PW: This is your third mystery novel. How long have you been writing?
MS: I've always wanted to write. Like everyone else in America, after I read Catcher in the Rye I thought "I can do this." It's not cocky but, like people who can sing know they can sing, I could always write, although I didn't. I don't have a drawer full of short stories. When the health care company where I was general counsel merged with another company, I took a course at the university here [in Birmingham, Ala.] and they had the bad judgment to say I could write. I'd already written an introduction, so I quit my job and in eight months I finished Sins of the Brother [his first book].
PW: What happened next?
MS: I had no idea how difficult it is to get published. I sent the manuscript to several agents. They told me it was really well written but they couldn't sell it. Finally I called one, who said since Grisham every lawyer in America has written a legal thriller. But my books aren't legal thrillers. I made Tom an attorney because I know what an attorney eats for lunch—I could have made him an architect. A friend in children's publishing introduced me to an agent, Sally McMillan, who sent the book to five of the largest publishers and three wanted it. The editor at Putnam moved so quickly, she spent a day reading it on vacation.

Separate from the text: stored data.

(* Fix $p\in(0,1)$. Under the Alternating Path Randomized Design, let $\mathcal{P}_i=(v_{i,1},\dots,v_{i,k(i)+1})$ be a path component (not a cycle), write $k=k(i)$ and $y_j=Y_{v_{i,j},v_{i,j+1}}$. Then $\mathrm{Var}(\hat\Gamma_i)\le\tilde\sigma_i^2$, where \[\tilde\sigma_i^2:=\Big(\frac1p+1\Big)\sum_{j=1}^{k}y_j^2+\sum_{j=2}^{k-1}y_j^2+2\sum_{\substack{1\le j\le k-2\\ j+2\le q\le k}}p^{q-j-1}y_jy_q.\] Moreover, with $\mathbb{P}(W_{i,j}=1)=p/(p+1)$ and $\mathbb{P}(W_{i,j}=1,W_{i,q}=1)=(p^2-(-p)^{q-j+1})/(p+1)^2$, the statistic \[\hat\sigma_i^2:=\Big(\frac1p+1\Big)\sum_{j=1}^{k}\frac{W_{i,j}y_j^2}{\mathbb{P}(W_{i,j}=1)}+\sum_{j=2}^{k-1}\frac{W_{i,j}y_j^2}{\mathbb{P}(W_{i,j}=1)}+2\sum_{\substack{1\le j\le k-2\\ j+2\le q\le k}}p^{q-j-1}\frac{y_jy_q\,W_{i,j}W_{i,q}}{\mathbb{P}(W_{i,j}=1,W_{i,q}=1)}\] satisfies $\mathbb{E}[\hat\sigma_i^2]=\tilde\sigma_i^2$.
   Context: Setting: $2N$ agents; $\mathbb{M}^t,\mathbb{M}^c$ are one-to-one matchings (sets of unordered pairs of distinct agents, each agent in at most one pair); each pair $(a,b)$ has a fixed real potential outcome $Y_{a,b}$. The disagreement set $\triangle\mathbb{M}^{(t,c)}=(\mathbb{M}^t\cup\mathbb{M}^c)\setminus(\mathbb{M}^t\cap\mathbb{M}^c)$, viewed as a graph, has connected components, each an alternating path or cycle: a sequence $(v_{i,1},\dots,v_{i,k(i)+1})$ whose consecutive pairs $e_{i,j}=(v_{i,j},v_{i,j+1})$ are its edges, alternating between $\triangle\mathbb{M}^{(t,c)}_t=\triangle\mathbb{M}^{(t,c)}\cap\mathbb{M}^t$ and $\triangle\mathbb{M}^{(t,c)}_c=\triangle\mathbb{M}^{(t,c)}\cap\mathbb{M}^c$; a path if $v_{i,1}\ne v_{i,k(i)+1}$. Alternating Path Randomized Design with parameter $p$ on a path component: $\mathbb{P}(W_{i,1}=1)=p/(1+p)$ and for $2\le j\le k(i)$, conditionally on $W_{i,1},\dots,W_{i,j-1}$, $W_{i,j}=1$ with probability $p$ if $W_{i,j-1}=0$ and $W_{i,j}=0$ if $W_{i,j-1}=1$ (components are randomized independently). Path-level estimator $\hat\Gamma_i=\sum_{j:\,e_{i,j}\in\triangle\mathbb{M}^{(t,c)}_t}\frac{W_{i,j}Y_{e_{i,j}}}{\mathbb{P}(W_{i,j}=1)}-\sum_{j:\,e_{i,j}\in\triangle\mathbb{M}^{(t,c)}_c}\frac{W_{i,j}Y_{e_{i,j}}}{\mathbb{P}(W_{i,j}=1)}$. Note $\hat\sigma_i^2$ only involves outcomes of realized edges ($W=1$). *)

theory Defs
  imports "HOL-Probability.Probability"
begin

text \<open>Alternating Path Randomized Design on a path with k edges.
  A realisation is a list w of k booleans; W_j (1-based, j = 1..k) is w ! (j - 1).\<close>

fun apd_chain :: "real \<Rightarrow> nat \<Rightarrow> bool \<Rightarrow> bool list pmf" where
  "apd_chain p 0 prev = return_pmf []"
| "apd_chain p (Suc n) prev =
     do { b \<leftarrow> (if prev then return_pmf False else bernoulli_pmf p);
          bs \<leftarrow> apd_chain p n b;
          return_pmf (b # bs) }"

definition apd_path :: "real \<Rightarrow> nat \<Rightarrow> bool list pmf" where
  "apd_path p k =
     (if k = 0 then return_pmf []
      else do { b \<leftarrow> bernoulli_pmf (p / (1 + p));
                bs \<leftarrow> apd_chain p (k - 1) b;
                return_pmf (b # bs) })"

definition Wi :: "bool list \<Rightarrow> nat \<Rightarrow> real" where
  "Wi w j = (if w ! (j - 1) then 1 else 0)"

definition pr1 :: "real \<Rightarrow> nat \<Rightarrow> nat \<Rightarrow> real" where
  "pr1 p k j = measure_pmf.prob (apd_path p k) {w. w ! (j - 1)}"

definition pr2 :: "real \<Rightarrow> nat \<Rightarrow> nat \<Rightarrow> nat \<Rightarrow> real" where
  "pr2 p k j q = measure_pmf.prob (apd_path p k) {w. w ! (j - 1) \<and> w ! (q - 1)}"

text \<open>Path-level estimator: inT j says edge e_j lies in the treatment matching
  (otherwise in the control matching); y j is the outcome of edge e_j.\<close>
definition Gamma_hat :: "real \<Rightarrow> nat \<Rightarrow> (nat \<Rightarrow> bool) \<Rightarrow> (nat \<Rightarrow> real) \<Rightarrow> bool list \<Rightarrow> real" where
  "Gamma_hat p k inT y w =
     (\<Sum>j\<in>{j\<in>{1..k}. inT j}. Wi w j * y j / pr1 p k j)
   - (\<Sum>j\<in>{j\<in>{1..k}. \<not> inT j}. Wi w j * y j / pr1 p k j)"

definition sigma_tilde :: "real \<Rightarrow> nat \<Rightarrow> (nat \<Rightarrow> real) \<Rightarrow> real" where
  "sigma_tilde p k y =
     (1 / p + 1) * (\<Sum>j=1..k. (y j)\<^sup>2) + (\<Sum>j=2..k-1. (y j)\<^sup>2)
   + 2 * (\<Sum>j=1..k-2. \<Sum>q=j+2..k. p ^ (q - j - 1) * y j * y q)"

definition sigma_hat :: "real \<Rightarrow> nat \<Rightarrow> (nat \<Rightarrow> real) \<Rightarrow> bool list \<Rightarrow> real" where
  "sigma_hat p k y w =
     (1 / p + 1) * (\<Sum>j=1..k. Wi w j * (y j)\<^sup>2 / pr1 p k j)
   + (\<Sum>j=2..k-1. Wi w j * (y j)\<^sup>2 / pr1 p k j)
   + 2 * (\<Sum>j=1..k-2. \<Sum>q=j+2..k.
            p ^ (q - j - 1) * (y j * y q * Wi w j * Wi w q) / pr2 p k j q)"

end

theory Submission
  imports Defs
begin

text \<open>Along a path the design is a stationary two-state Markov chain: a treated edge is followed
  by a control edge, a control edge by a treated one with probability p, and the stationary law
  P(W = 1) = p / (1 + p) is the initial one. The transition matrix has eigenvalues 1 and -p, so
  Cov(W_j, W_q) = p (-p)^|j-q| / (1 + p)^2. The signs of the estimator alternate along the path as
  well, which turns the covariances into p^|j-q|: the variance is (1/p) \<Sum> p^|j-q| y_j y_q, a
  Kac-Murdock-Szego quadratic form, and p times the bound exceeds this form by
  p \<Sum> (y_j - y_(j+1))^2 when k \<ge> 2. Unbiasedness of the variance estimator is linearity of
  expectation, once every probability in its denominators is known to be positive.\<close>

lemma measure_pmf_prob_bind:
  "measure_pmf.prob (M \<bind> F) A = measure_pmf.expectation M (\<lambda>x. measure_pmf.prob (F x) A)"
  unfolding measure_pmf_bind
  by (rule measure_pmf.measure_bind[where N = "count_space UNIV"])
    (auto simp: measure_pmf_in_subprob_algebra)

lemma measure_pmf_variance_sum:
  fixes X :: "'i \<Rightarrow> 'a \<Rightarrow> real"
  assumes "finite (set_pmf M)"
  shows "measure_pmf.variance M (\<lambda>x. \<Sum>j\<in>J. X j x)
       = (\<Sum>j\<in>J. \<Sum>q\<in>J. measure_pmf.expectation M (\<lambda>x. X j x * X q x)
                         - measure_pmf.expectation M (X j) * measure_pmf.expectation M (X q))"
proof -
  have int: "integrable M f" for f :: "'a \<Rightarrow> real"
    using assms by (rule integrable_measure_pmf_finite)
  have "measure_pmf.variance M (\<lambda>x. \<Sum>j\<in>J. X j x)
      = measure_pmf.expectation M (\<lambda>x. (\<Sum>j\<in>J. X j x)\<^sup>2)
        - (measure_pmf.expectation M (\<lambda>x. \<Sum>j\<in>J. X j x))\<^sup>2"
    by (rule measure_pmf.variance_eq) (rule int)+
  also have "\<dots> = (\<Sum>j\<in>J. \<Sum>q\<in>J. measure_pmf.expectation M (\<lambda>x. X j x * X q x))
        - (\<Sum>j\<in>J. \<Sum>q\<in>J. measure_pmf.expectation M (X j) * measure_pmf.expectation M (X q))"
    by (simp add: int integral_sum power2_eq_square sum_product)
  finally show ?thesis
    by (simp add: sum_subtractf)
qed

lemma alternating_iff_even:
  fixes P :: "nat \<Rightarrow> bool"
  assumes alt: "\<And>i. a \<le> i \<Longrightarrow> i < b \<Longrightarrow> (P (i + 1) \<longleftrightarrow> \<not> P i)"
    and "a \<le> j" "j \<le> q" "q \<le> b"
  shows "(P q \<longleftrightarrow> P j) \<longleftrightarrow> even (q - j)"
  using assms(3,4)
proof (induction q)
  case 0
  then show ?case by simp
next
  case (Suc q)
  show ?case
  proof (cases "j = Suc q")
    case False
    then have "j \<le> q"
      using Suc.prems by simp
    then show ?thesis
      using Suc alt[of q] assms(2) by (auto simp: Suc_diff_le)
  qed simp
qed

text \<open>The n-step transition probability P(W_(j+n) = 1 | W_j = b) of the design, in closed form.\<close>

definition apd_trans :: "real \<Rightarrow> bool \<Rightarrow> nat \<Rightarrow> real" where
  "apd_trans p b n = (if b then (p + (-p) ^ n) / (1 + p) else (p - p * (-p) ^ n) / (1 + p))"

lemma apd_trans_0: "0 \<le> p \<Longrightarrow> apd_trans p b 0 = (if b then 1 else 0)"
  by (simp add: apd_trans_def)

lemma apd_trans_Suc:
  "apd_trans p True (Suc n) = apd_trans p False n"
  "apd_trans p False (Suc n) = p * apd_trans p True n + (1 - p) * apd_trans p False n"
  unfolding apd_trans_def by (simp_all add: add_divide_distrib[symmetric] algebra_simps)

lemma apd_trans_stationary:
  "0 \<le> p \<Longrightarrow>
    p / (1 + p) * apd_trans p True n + (1 - p / (1 + p)) * apd_trans p False n = p / (1 + p)"
  unfolding apd_trans_def by (simp add: divide_simps) (simp add: algebra_simps)
(* Let $J$ be a compatible almost complex structure on $T^*S$ and $\delta\in(0,\delta_0)$ such that for every link $K\subset B(\delta)$, every $J$-holomorphic disk with boundary on $\overline\Lambda_K$ and one positive puncture lies in $\{|p|<2\delta_0\}$. Let $K\subset B(\delta)$ be a link transverse to $\xi_0$. Then $\overline\Lambda_K$ and $\overline H_\pm$ are disjoint in $T^*S$, and $\overline H_\pm\setminus\overline H_\pm(2\delta_0)$ does not intersect any $J$-holomorphic disk with boundary on $\overline\Lambda_K$ and one positive puncture.
   Context: $\alpha_0=dx_3-x_2\,dx_1+x_1\,dx_2$, $\xi_0=\ker\alpha_0$; $B(\delta)$ is the ball of radius $\delta$ about the origin of $\mathbb{R}^3$. Fix $\delta_0>0$ and let $S\subset\mathbb{R}^3$ be the smooth boundary of a compact convex set containing the origin in its interior, symmetric under reflection in the $y_1y_2$-plane and rotations about the $y_3$-axis, with $S\cap\{y_1^2+y_2^2\le9\delta_0^2\}=\{(y_1,y_2,\pm1):y_1^2+y_2^2\le9\delta_0^2\}$; $\nu$ its outward unit normal; $E_{2\delta_0}=\{(y_1,y_2,\pm1):y_1^2+y_2^2\le4\delta_0^2\}$. $S^*\mathbb{R}^3=\mathbb{R}^3\times S$ is identified with $J^1(S)=T^*S\times\mathbb{R}$ (contact form $dz-p\,dq$, $p\in T_qS$, $|p|$ Euclidean) via $(x,y)\mapsto(y,x-(x\cdot\nu(y))\nu(y),x\cdot y)$; bars denote images under the projection to $T^*S$. $\Lambda_K=\{(x,y): x\in K,\ y\perp T_xK\}$ is the conormal lift; $H_\pm=\{(x,y): y=t(-x_2,x_1,1),\ \pm t>0\}$; $H_\pm(2\delta_0)=H_\pm\cap(T^*E_{2\delta_0}\times\mathbb{R})$. Holomorphic disks have punctures at double points of $\overline\Lambda_K$; a puncture is positive if the boundary arc before it lies on the lower sheet and the arc after it on the upper sheet. *)

theory Defs
  imports "HOL-Analysis.Analysis"
begin

type_synonym R3 = "real^3"
type_synonym pt6 = "(real^3) \<times> (real^3)"

fun Ck :: "nat \<Rightarrow> ('a::euclidean_space \<Rightarrow> 'b::real_normed_vector) \<Rightarrow> 'a set \<Rightarrow> bool" where
  "Ck 0 f U = continuous_on U f"
| "Ck (Suc k) f U = ((\<forall>x\<in>U. f differentiable (at x)) \<and>
      (\<forall>v. Ck k (\<lambda>x. frechet_derivative f (at x) v) U))"

definition smooth_on :: "'a::euclidean_space set \<Rightarrow> ('a \<Rightarrow> 'b::real_normed_vector) \<Rightarrow> bool" where
  "smooth_on U f = (\<forall>k. Ck k f U)"

definition tangent_space :: "'a::euclidean_space set \<Rightarrow> 'a \<Rightarrow> 'a set" where
  "tangent_space M m = {v. \<exists>\<gamma>::real \<Rightarrow> 'a. (\<forall>t. \<gamma> t \<in> M) \<and> \<gamma> 0 = m \<and> (\<gamma> has_vector_derivative v) (at 0)}"

definition smooth_surface :: "R3 set \<Rightarrow> bool" where
  "smooth_surface S = (\<forall>y\<in>S. \<exists>U F. open U \<and> y \<in> U \<and> smooth_on U (F :: R3 \<Rightarrow> real) \<and>
      (\<forall>z\<in>U. \<exists>v. frechet_derivative F (at z) v \<noteq> 0) \<and> S \<inter> U = {z\<in>U. F z = 0})"

definition outward_normal :: "R3 set \<Rightarrow> R3 \<Rightarrow> R3" where
  "outward_normal C y = (THE n. norm n = 1 \<and> (\<forall>c\<in>C. n \<bullet> (c - y) \<le> 0))"

definition rot3 :: "real \<Rightarrow> R3 \<Rightarrow> R3" where
  "rot3 \<theta> y = vector [cos \<theta> * y$1 - sin \<theta> * y$2, sin \<theta> * y$1 + cos \<theta> * y$2, y$3]"

definition refl3 :: "R3 \<Rightarrow> R3" where
  "refl3 y = vector [y$1, y$2, - (y$3)]"

definition admissible_S :: "real \<Rightarrow> R3 set \<Rightarrow> R3 set \<Rightarrow> bool" where
  "admissible_S \<delta>0 C S = (compact C \<and> convex C \<and> 0 \<in> interior C \<and> S = frontier C \<and>
      smooth_surface S \<and> (\<forall>y\<in>S. refl3 y \<in> S) \<and> (\<forall>\<theta>. \<forall>y\<in>S. rot3 \<theta> y \<in> S) \<and>
      S \<inter> {y. (y$1)\<^sup>2 + (y$2)\<^sup>2 \<le> 9 * \<delta>0\<^sup>2} =
        {y. (y$1)\<^sup>2 + (y$2)\<^sup>2 \<le> 9 * \<delta>0\<^sup>2 \<and> (y$3 = 1 \<or> y$3 = -1)})"

definition E_set :: "real \<Rightarrow> R3 set" where
  "E_set r = {y. (y$1)\<^sup>2 + (y$2)\<^sup>2 \<le> r\<^sup>2 \<and> (y$3 = 1 \<or> y$3 = -1)}"

text \<open>T^*S realised as pairs (q,p), q in S, p tangent to S at q.\<close>
definition TstarS :: "R3 set \<Rightarrow> (R3 \<Rightarrow> R3) \<Rightarrow> pt6 set" where
  "TstarS S \<nu> = {(q,p). q \<in> S \<and> p \<bullet> \<nu> q = 0}"

text \<open>Projection R^3 x S = S^*R^3 = J^1(S) to T^*S (the 'bar').\<close>
definition bar :: "(R3 \<Rightarrow> R3) \<Rightarrow> pt6 \<Rightarrow> pt6" where
  "bar \<nu> a = (snd a, fst a - (fst a \<bullet> \<nu> (snd a)) *\<^sub>R \<nu> (snd a))"

text \<open>The z-coordinate of J^1(S) of a point (x,y) of R^3 x S.\<close>
definition zcoord :: "pt6 \<Rightarrow> real" where
  "zcoord a = fst a \<bullet> snd a"

text \<open>Symplectic form on T^*S: omega = -d(p dq) = dq /\ dp, so that disks with one
  positive puncture have positive energy.\<close>
definition omega :: "pt6 \<Rightarrow> pt6 \<Rightarrow> real" where
  "omega v w = fst v \<bullet> snd w - snd v \<bullet> fst w"

definition compatible_acs :: "R3 set \<Rightarrow> (R3 \<Rightarrow> R3) \<Rightarrow> (pt6 \<Rightarrow> pt6 \<Rightarrow> pt6) \<Rightarrow> bool" where
  "compatible_acs S \<nu> J = (
     (\<exists>U. open U \<and> TstarS S \<nu> \<subseteq> U \<and> (\<forall>v. smooth_on U (\<lambda>m. J m v))) \<and>
     (\<forall>m\<in>TstarS S \<nu>. linear (J m) \<and>
        (\<forall>v\<in>tangent_space (TstarS S \<nu>) m.
            J m v \<in> tangent_space (TstarS S \<nu>) m \<and> J m (J m v) = - v \<and>
            (v \<noteq> 0 \<longrightarrow> omega v (J m v) > 0) \<and>
            (\<forall>w\<in>tangent_space (TstarS S \<nu>) m. omega (J m v) (J m w) = omega v w))))"

definition alpha0 :: "R3 \<Rightarrow> R3 \<Rightarrow> real" where
  "alpha0 x v = v$3 - x$2 * v$1 + x$1 * v$2"

definition is_link :: "R3 set \<Rightarrow> bool" where
  "is_link K = (\<exists>n::nat. \<exists>\<gamma>::nat \<Rightarrow> real \<Rightarrow> R3. n \<ge> 1 \<and> K = (\<Union>i<n. range (\<gamma> i)) \<and>
      (\<forall>i<n. smooth_on UNIV (\<gamma> i) \<and> (\<forall>t. \<gamma> i (t + 1) = \<gamma> i t) \<and> inj_on (\<gamma> i) {0..<1} \<and>
             (\<forall>t. vector_derivative (\<gamma> i) (at t) \<noteq> 0)) \<and>
      (\<forall>i<n. \<forall>j<n. i \<noteq> j \<longrightarrow> range (\<gamma> i) \<inter> range (\<gamma> j) = {}))"

definition transverse_xi0 :: "R3 set \<Rightarrow> bool" where
  "transverse_xi0 K = (\<forall>x\<in>K. \<forall>v\<in>tangent_space K x. v \<noteq> 0 \<longrightarrow> alpha0 x v \<noteq> 0)"

definition LambdaK :: "R3 set \<Rightarrow> R3 set \<Rightarrow> pt6 set" where
  "LambdaK S K = {(x,y). x \<in> K \<and> y \<in> S \<and> (\<forall>v\<in>tangent_space K x. y \<bullet> v = 0)}"

text \<open>H_+ for sigma = 1, H_- for sigma = -1.\<close>
definition Hset :: "R3 set \<Rightarrow> real \<Rightarrow> pt6 set" where
  "Hset S \<sigma> = {(x,y). y \<in> S \<and> (\<exists>t. \<sigma> * t > 0 \<and> y = t *\<^sub>R vector [- (x$2), x$1, 1])}"

definition Hset_r :: "R3 set \<Rightarrow> real \<Rightarrow> real \<Rightarrow> pt6 set" where
  "Hset_r S \<sigma> r = {a \<in> Hset S \<sigma>. snd a \<in> E_set r}"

PW: Who do you read, and what writers influence you?
MS: I'm heavily influenced by 20th-century American literature. Of course I've read all of Hemingway, Faulkner, Fitzgerald. I and the rest of America have been more influenced by Hemingway than most Americans will admit. I've read every mystery ever written, starting when I was 13 with John D. MacDonald. I like Robert B. Parker, especially the early Spenser novels; Dennis Lehane; James Lee Burke; Lawrence Block's Matthew Scudder novels—When the Sacred Gin Mill Closes is one of the best mysteries. They've all influenced my writing.
PW: How much of your own experience is in your books?
MS: I practiced law about 10 years and used private investigators and had my life threatened, although basically I was a corporate litigator. I know about firearms from having grown up in the South, in a small Alabama town. For Dog Island I hired a guy to take me, my wife and kids to Dog Island for the day and went to Tate's Hell Swamp. I did some research on poisons for A Clean Kill, but generally it's life experience. I'm trying to show a side of the modern South most people don't know. I have a Cajun character in A Clean Kill because I love New Orleans and the Gulf Coast. It's an interesting culture with its French heritage. I'm not glossing over injustices, I'm trying to address the way we get along and the way we live in the South now.
PW: Why are your villains so vicious?
MS: There are two schools of thought on bad people. They've had a tough life and we have to understand them or, there is evil in the world. That's my view. From a storytelling perspective, the level of evil equals the level of suspense. If you're not afraid of the guy, why should you continue reading the book? I work very hard on the writing and the characters, and try not to forget that I'm a storyteller.
PW: What's next?
MS: In the future, keeping people out of trouble becomes Tom's specialty. The next book is about the intersection of gambling and religion. What got me thinking of it was the Indians setting up casinos. People are "discovering" their Indian roots to get permits, but many southern religious leaders are against gambling.